### RECORD SET
definition image_norm :: "(nat \<Rightarrow> nat \<Rightarrow> complex) \<Rightarrow> nat \<Rightarrow> nat \<Rightarrow> (nat \<Rightarrow> complex) \<Rightarrow> real" where
  "image_norm b d m y = l2norm {..<d} (\<lambda>i. \<Sum>j<m. b i j * y j)"

lemma l2norm_nonneg [simp]: "0 \<le> l2norm A y"
  unfolding l2norm_def by simp

lemma l2norm_cong: "(\<And>j. j \<in> A \<Longrightarrow> y j = z j) \<Longrightarrow> l2norm A y = l2norm A z"
  unfolding l2norm_def by (intro L2_set_cong) auto

lemma l2norm_zero [simp]: "l2norm A (\<lambda>j. 0) = 0"
  unfolding l2norm_def L2_set_def by simp

lemma l2norm_uminus [simp]: "l2norm A (\<lambda>j. - y j) = l2norm A y"
  unfolding l2norm_def by simp

lemma l2norm_mult: "l2norm A (\<lambda>j. c * y j) = cmod c * l2norm A y"
  unfolding l2norm_def by (simp add: L2_set_right_distrib norm_mult)

lemma l2norm_divide_of_real: "0 \<le> c \<Longrightarrow> l2norm A (\<lambda>j. y j / complex_of_real c) = l2norm A y / c"
  using L2_set_right_distrib[of "1/c" "\<lambda>j. cmod (y j)" A]
  by (simp add: l2norm_def norm_divide)

lemma l2norm_power2: "(l2norm A y)\<^sup>2 = (\<Sum>j\<in>A. (cmod (y j))\<^sup>2)"
  unfolding l2norm_def L2_set_def by (simp add: sum_nonneg)

lemma l2norm_add_le: "l2norm A (\<lambda>j. y j + z j) \<le> l2norm A y + l2norm A z"
proof -
  have "l2norm A (\<lambda>j. y j + z j) \<le> L2_set (\<lambda>j. cmod (y j) + cmod (z j)) A"
    unfolding l2norm_def by (rule L2_set_mono) (auto intro: norm_triangle_ineq)
  also have "\<dots> \<le> l2norm A y + l2norm A z"
    unfolding l2norm_def by (rule L2_set_triangle_ineq)
  finally show ?thesis .
qed

lemma l2norm_le_add_diff: "l2norm A x \<le> l2norm A y + l2norm A (\<lambda>j. y j - x j)"
proof -
  have "l2norm A x \<le> l2norm A y + l2norm A (\<lambda>j. x j - y j)"
    using l2norm_add_le[of A y "\<lambda>j. x j - y j"] by simp
  also have "l2norm A (\<lambda>j. x j - y j) = l2norm A (\<lambda>j. y j - x j)"
    unfolding l2norm_def by (simp add: norm_minus_commute)
  finally show ?thesis .
qed

lemma l2norm_sum_le: "finite L \<Longrightarrow> l2norm A (\<lambda>j. \<Sum>l\<in>L. g l j) \<le> (\<Sum>l\<in>L. l2norm A (g l))"
proof (induction L rule: finite_induct)
  case (insert x F)
  have "l2norm A (\<lambda>j. \<Sum>l\<in>insert x F. g l j) = l2norm A (\<lambda>j. g x j + (\<Sum>l\<in>F. g l j))"
    using insert by simp
  also have "\<dots> \<le> l2norm A (g x) + l2norm A (\<lambda>j. \<Sum>l\<in>F. g l j)" by (rule l2norm_add_le)
  also have "\<dots> \<le> l2norm A (g x) + (\<Sum>l\<in>F. l2norm A (g l))" using insert by simp
  finally show ?case using insert by simp
qed simp

lemma cmod_le_l2norm: "finite A \<Longrightarrow> j \<in> A \<Longrightarrow> cmod (y j) \<le> l2norm A y"
  unfolding l2norm_def by (rule member_le_L2_set)

lemma of_real_l2norm_power2: "complex_of_real ((l2norm A y)\<^sup>2) = (\<Sum>j\<in>A. y j * cnj (y j))"
  by (simp only: l2norm_power2 of_real_sum complex_norm_square)

lemma image_norm_nonneg [simp]: "0 \<le> image_norm b d m y"
  unfolding image_norm_def by simp

lemma image_norm_cong: "(\<And>j. j < m \<Longrightarrow> y j = z j) \<Longrightarrow> image_norm b d m y = image_norm b d m z"
  unfolding image_norm_def by (intro l2norm_cong sum.cong) auto

lemma image_norm_add_le:
  "image_norm b d m (\<lambda>j. y j + z j) \<le> image_norm b d m y + image_norm b d m z"
  unfolding image_norm_def by (simp add: distrib_left sum.distrib l2norm_add_le)

lemma image_norm_mult: "image_norm b d m (\<lambda>j. c * y j) = cmod c * image_norm b d m y"
  unfolding image_norm_def
  by (simp add: l2norm_mult[symmetric] sum_distrib_left ac_simps)

lemma image_norm_le:
  "image_norm b d m y \<le> L2_set (\<lambda>i. l2norm {..<m} (b i)) {..<d} * l2norm {..<m} y"
proof -
  have "image_norm b d m y \<le> L2_set (\<lambda>i. l2norm {..<m} (b i) * l2norm {..<m} y) {..<d}"
    unfolding image_norm_def l2norm_def[of "{..<d}"]
  proof (rule L2_set_mono)
    fix i
    have "cmod (\<Sum>j<m. b i j * y j) \<le> (\<Sum>j<m. \<bar>cmod (b i j)\<bar> * \<bar>cmod (y j)\<bar>)"
      by (rule order_trans[OF norm_sum]) (simp add: norm_mult)
    also have "\<dots> \<le> l2norm {..<m} (b i) * l2norm {..<m} y"
      unfolding l2norm_def by (rule L2_set_mult_ineq)
    finally show "cmod (\<Sum>j<m. b i j * y j) \<le> l2norm {..<m} (b i) * l2norm {..<m} y" .
  qed simp
  also have "\<dots> = L2_set (\<lambda>i. l2norm {..<m} (b i)) {..<d} * l2norm {..<m} y"
    by (simp add: L2_set_left_distrib)
  finally show ?thesis .
qed

lemma sum_lessThan_mult_eq:
  fixes g :: "nat \<Rightarrow> 'b::comm_monoid_add"
  shows "(\<Sum>j<n*N. g j) = (\<Sum>i<n. \<Sum>a<N. g (i*N + a))"
proof -
  have "(\<Sum>j<n*N. g j) = (\<Sum>i<n. sum g {i*N..<i*N+N})"
    by (rule sum.nat_group[symmetric])
  also have "\<dots> = (\<Sum>i<n. \<Sum>a<N. g (i*N + a))"
  proof (rule sum.cong[OF refl])
    fix i
    have "sum g {i*N..<i*N+N} = sum g {0+i*N..<N+i*N}" by (simp add: add.commute)
    also have "\<dots> = (\<Sum>a\<in>{0..<N}. g (a + i*N))" by (rule sum.shift_bounds_nat_ivl)
    finally show "sum g {i*N..<i*N+N} = (\<Sum>a<N. g (i*N + a))"
      by (simp add: atLeast0LessThan add.commute)
  qed
  finally show ?thesis .
qed

lemma sum_lessThan_mult_div_mod:
  fixes g :: "nat \<Rightarrow> nat \<Rightarrow> 'b::comm_monoid_add"
  shows "(\<Sum>j<n*N. g (j div N) (j mod N)) = (\<Sum>i<n. \<Sum>a<N. g i a)"
  unfolding sum_lessThan_mult_eq by (intro sum.cong refl) auto

lemma L2_set_Times: "L2_set (\<lambda>l. L2_set (\<lambda>a. g (l, a)) B) A = L2_set g (A \<times> B)"
proof (cases "finite A \<and> finite B")
  case True
  then show ?thesis unfolding L2_set_def by (simp add: sum_nonneg sum.cartesian_product)
next
  case False
  show ?thesis
  proof (cases "A = {} \<or> B = {}")
    case True then show ?thesis by (auto simp: L2_set_def)
  next
    case nonempty: False
    with False have "infinite (A \<times> B)" by (auto simp: finite_cartesian_product_iff)
    moreover have "L2_set (\<lambda>l. L2_set (\<lambda>a. g (l, a)) B) A = 0"
      using False nonempty by (cases "finite A") (auto simp: L2_set_def)
    ultimately show ?thesis by simp
  qed
qed

text \<open>Vectors of C^n (x) C^N are functions on indices i * N + a with i < n, a < N, as in
  tensor_id. Then tensor_sum N k u f is the vector sum_l u_l (x) f_l, where u_l = u (l, -) in C^n
  and f_l = f (l, -) in C^N.\<close>

definition tensor_sum ::
  "nat \<Rightarrow> nat \<Rightarrow> (nat \<times> nat \<Rightarrow> complex) \<Rightarrow> (nat \<times> nat \<Rightarrow> complex) \<Rightarrow> nat \<Rightarrow> complex" where
  "tensor_sum N k u f j = (\<Sum>l<k. u (l, j div N) * f (l, j mod N))"

definition orthonormal_rows :: "nat \<Rightarrow> nat \<Rightarrow> (nat \<times> nat \<Rightarrow> complex) \<Rightarrow> bool" where
  "orthonormal_rows n k u \<longleftrightarrow>
     (\<forall>l<k. \<forall>l'<k. (\<Sum>i<n. u (l,i) * cnj (u (l',i))) = (if l = l' then 1 else 0))"

definition row_norms_le :: "nat \<Rightarrow> nat \<Rightarrow> real \<Rightarrow> (nat \<times> nat \<Rightarrow> complex) \<Rightarrow> bool" where
  "row_norms_le n k r u \<longleftrightarrow> (\<forall>l<k. l2norm {..<n} (\<lambda>i. u (l,i)) \<le> r)"

lemma tensor_sum_mult_right: "tensor_sum N k u (\<lambda>p. c * f p) j = c * tensor_sum N k u f j"
  unfolding tensor_sum_def by (simp add: sum_distrib_left ac_simps)

lemma tensor_sum_split:
  "tensor_sum N k u f j = tensor_sum N k u' f' j + tensor_sum N k (\<lambda>p. u p - u' p) f j
     + tensor_sum N k u' (\<lambda>p. f p - f' p) j"
  unfolding tensor_sum_def by (simp add: sum.distrib[symmetric] algebra_simps)

lemma l2norm_tensor_product:
  fixes x y :: "nat \<Rightarrow> complex"
  shows "l2norm {..<n*N} (\<lambda>j. x (j div N) * y (j mod N)) = l2norm {..<n} x * l2norm {..<N} y"
proof -
  have "(\<Sum>j<n*N. (cmod (x (j div N) * y (j mod N)))\<^sup>2)
      = (\<Sum>i<n. \<Sum>a<N. (cmod (x i))\<^sup>2 * (cmod (y a))\<^sup>2)"
    using sum_lessThan_mult_div_mod[where g="\<lambda>i a. (cmod (x i) * cmod (y a))\<^sup>2" and n=n and N=N]
    by (simp add: norm_mult power_mult_distrib)
  also have "\<dots> = (\<Sum>i<n. (cmod (x i))\<^sup>2) * (\<Sum>a<N. (cmod (y a))\<^sup>2)"
    by (simp add: sum_product)
  finally show ?thesis unfolding l2norm_def L2_set_def by (simp add: real_sqrt_mult)
qed
lemma add_neg_right: "\<lbrakk>X \<in> Obj C; Y \<in> Obj C; f \<in> Hom C X Y\<rbrakk> \<Longrightarrow> Add C X Y f (Neg C X Y f) = Zero C X Y"
  using preadditive unfolding is_preadditive_def by (metis (no_types, lifting))

lemma comp_add_left:
  "\<lbrakk>X \<in> Obj C; Y \<in> Obj C; Z \<in> Obj C; f \<in> Hom C X Y; g \<in> Hom C Y Z; g' \<in> Hom C Y Z\<rbrakk>
    \<Longrightarrow> Comp C X Y Z (Add C Y Z g g') f = Add C X Z (Comp C X Y Z g f) (Comp C X Y Z g' f)"
  using preadditive unfolding is_preadditive_def by (metis (no_types, lifting))

lemma add_neg_left: "\<lbrakk>X \<in> Obj C; Y \<in> Obj C; f \<in> Hom C X Y\<rbrakk> \<Longrightarrow> Add C X Y (Neg C X Y f) f = Zero C X Y"
  by (simp add: add_commute add_neg_right neg_in_hom)

lemma add_left_cancel:
  assumes XY: "X \<in> Obj C" "Y \<in> Obj C"
    and a: "a \<in> Hom C X Y" and b: "b \<in> Hom C X Y" and c: "c \<in> Hom C X Y"
    and eq: "Add C X Y a b = Add C X Y a c"
  shows "b = c"
proof -
  have na: "Neg C X Y a \<in> Hom C X Y" using XY a by (rule neg_in_hom)
  have "b = Add C X Y (Add C X Y (Neg C X Y a) a) b"
    using XY a b by (simp add: add_neg_left add_commute add_zero_right zero_in_hom)
  also have "\<dots> = Add C X Y (Neg C X Y a) (Add C X Y a c)"
    using XY a b na eq by (simp add: add_assoc)
  also have "\<dots> = Add C X Y (Add C X Y (Neg C X Y a) a) c"
    using XY a c na by (simp add: add_assoc)
  also have "\<dots> = c"
    using XY a c by (simp add: add_neg_left add_commute add_zero_right zero_in_hom)
  finally show ?thesis .
qed

lemma comp_zero_left:
  assumes XYZ: "X \<in> Obj C" "Y \<in> Obj C" "Z \<in> Obj C" and f: "f \<in> Hom C X Y"
  shows "Comp C X Y Z (Zero C Y Z) f = Zero C X Z"
proof (rule add_left_cancel)
  let ?z = "Comp C X Y Z (Zero C Y Z) f"
  have z: "?z \<in> Hom C X Z" using XYZ f by (simp add: comp_in_hom zero_in_hom)
  have "Add C X Z ?z ?z = Comp C X Y Z (Add C Y Z (Zero C Y Z) (Zero C Y Z)) f"
    using XYZ f by (simp add: comp_add_left zero_in_hom)
  also have "\<dots> = Add C X Z ?z (Zero C X Z)"
    using XYZ z by (simp add: add_zero_right zero_in_hom)
  finally show "Add C X Z ?z ?z = Add C X Z ?z (Zero C X Z)" .
qed (use XYZ f in \<open>simp_all add: zero_in_hom comp_in_hom\<close>)

lemma comp_neg_left:
  assumes XYZ: "X \<in> Obj C" "Y \<in> Obj C" "Z \<in> Obj C" and f: "f \<in> Hom C X Y" and g: "g \<in> Hom C Y Z"
  shows "Comp C X Y Z (Neg C Y Z g) f = Neg C X Z (Comp C X Y Z g f)"
proof (rule add_left_cancel)
  have gf: "Comp C X Y Z g f \<in> Hom C X Z" using XYZ f g by (rule comp_in_hom)
  show "Add C X Z (Comp C X Y Z g f) (Comp C X Y Z (Neg C Y Z g) f)
      = Add C X Z (Comp C X Y Z g f) (Neg C X Z (Comp C X Y Z g f))"
    using XYZ f g gf
    by (simp add: comp_add_left [symmetric] neg_in_hom add_neg_right comp_zero_left)
qed (use XYZ f g in \<open>simp_all add: comp_in_hom neg_in_hom\<close>)

lemma id_is_iso: "X \<in> Obj C \<Longrightarrow> is_iso C X X (Id C X)"
  unfolding is_iso_def using id_in_hom comp_id_left by blast

lemma is_iso_inverse:
  assumes "is_iso C X Y f"
  obtains g where "g \<in> Hom C Y X" "Comp C X Y X g f = Id C X" "Comp C Y X Y f g = Id C Y"
  using assms unfolding is_iso_def by blast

### ASSIGNMENT
From the records above, repeat exactly the lines from the one with "Z g) f = Neg" through the one with "Z g f) (Neg", both included.

### SOLVED PROBLEM
  shows "Comp C X Y Z (Neg C Y Z g) f = Neg C X Z (Comp C X Y Z g f)"
proof (rule add_left_cancel)
  have gf: "Comp C X Y Z g f \<in> Hom C X Z" using XYZ f g by (rule comp_in_hom)
  show "Add C X Z (Comp C X Y Z g f) (Comp C X Y Z (Neg C Y Z g) f)
      = Add C X Z (Comp C X Y Z g f) (Neg C X Z (Comp C X Y Z g f))"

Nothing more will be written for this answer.